lemma indep_vars_Ncount:
  assumes A: "\<And>i. i \<in> I \<Longrightarrow> A i \<in> sets M" and disj: "disjoint_family_on A I"
  shows "indep_vars (\<lambda>_. count_space UNIV) (\<lambda>i X. Ncount (A i) X) I"
proof -
  let ?G = "\<lambda>i. {avoiding M C | C. C \<in> sets M \<and> C \<subseteq> A i}"
  have "Int_stable (?G i)" for i
    unfolding Int_stable_def
  proof (clarify, intro exI conjI)
    fix C C' assume "C \<in> sets M" "C \<subseteq> A i" "C' \<in> sets M" "C' \<subseteq> A i"
    then show "avoiding M C \<inter> avoiding M C' = avoiding M (C \<union> C')" "C \<union> C' \<in> sets M" "C \<union> C' \<subseteq> A i"
      by (auto simp: avoiding_def)
  qed
  then have "indep_sets (\<lambda>i. sigma_sets (space Q) (?G i)) I"
    by (rule indep_sets_sigma[OF indep_sets_avoiding_subsets[OF disj]])
  moreover have "{Ncount (A i) -` B \<inter> space Q | B. B \<in> sets (count_space UNIV)}
      \<subseteq> sigma_sets (space Q) (?G i)" if "i \<in> I" for i
    using Ncount_vimage_in_sigma_avoiding[OF A[OF that]] by blast
  ultimately show ?thesis
    unfolding indep_vars_def2 using A random_variable_Ncount by (auto intro: indep_sets_mono_sets)
qed

end

end

lemma sigma_finite_measure_of_exhausting:
  fixes A :: "nat \<Rightarrow> 'a set"
  assumes "range A \<subseteq> sets M" "(\<Union>n. A n) = space M" "\<And>n. emeasure M (A n) < \<infinity>"
  shows "sigma_finite_measure M"
proof
  show "\<exists>B. countable B \<and> B \<subseteq> sets M \<and> \<Union> B = space M \<and> (\<forall>b\<in>B. emeasure M b \<noteq> \<infinity>)"
    using assms less_imp_neq[OF assms(3)] by (intro exI[of _ "range A"]) auto
qed

theorem corollary1p4:
  fixes M :: "'a measure" and P :: "'w measure" and R :: "'a set set" and \<pi> :: "'w \<Rightarrow> 'a set"
  assumes diag: "{(x, x) | x. x \<in> space M} \<in> sets (M \<Otimes>\<^sub>M M)"
    and ring: "ring_of_sets (space M) R"
    and gen: "sigma_sets (space M) R = sets M"
    and sfin: "\<exists>Rn :: nat \<Rightarrow> 'a set. range Rn \<subseteq> R \<and> (\<Union>n. Rn n) = space M \<and> (\<forall>n. emeasure M (Rn n) < \<infinity>)"
    and nonatomic: "\<forall>x \<in> space M. emeasure M {x} = 0"
    and P: "prob_space P"
    and cr: "cr_set P M \<pi>"
    and void: "\<forall>A \<in> R. measure P {\<omega> \<in> space P. \<pi> \<omega> \<inter> A = {}} = exp_neg (emeasure M A)"
  shows "poisson_process P M \<pi>"
proof -
  have RM: "R \<subseteq> sets M" using gen by (auto intro: sigma_sets.Basic)
  obtain D where D: "range D \<subseteq> R" "separates_points (space M) D"
    using separating_sequence_of_measurable_diagonal[OF diag gen] ring by (auto simp: ring_of_sets_iff)
  have \<pi>: "\<pi> \<in> measurable P (cr_space M)" using cr by (simp add: cr_set_def)
  define Q where "Q = distr P (cr_space M) \<pi>"
  interpret renyi_setting Q M D
    unfolding renyi_setting_def renyi_setting_axioms_def
    using prob_space.prob_space_distr[OF P \<pi>] D RM diag nonatomic by (auto simp: Q_def)
  have "poisson_voids Q M R"
    using void RM measure_distr_avoiding[OF \<pi>] by (auto simp: poisson_voids_def Q_def)
  then have voids: "poisson_voids Q M (sets M)" by (rule poisson_voids_sets[OF ring gen D(1) _ sfin])
  have "sigma_finite_measure M"
    using sfin RM by (metis sigma_finite_measure_of_exhausting order_trans)
  show ?thesis
    unfolding poisson_process_def Let_def Q_def[symmetric]
  proof (intro conjI allI impI ballI)
    show "indep_vars (\<lambda>_. count_space UNIV) (\<lambda>i X. Ncount (A i) X) {..<n}"
      if "(\<forall>i<n. A i \<in> sets M) \<and> disjoint_family_on A {..<n}" for n and A :: "nat \<Rightarrow> 'a set"
      using that by (intro indep_vars_Ncount[OF voids]) auto
  qed (rule poisson_law_Ncount[OF voids \<open>sigma_finite_measure M\<close>])
qed

end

····················

The reply is a bare number: how many lines above include "sfin".

3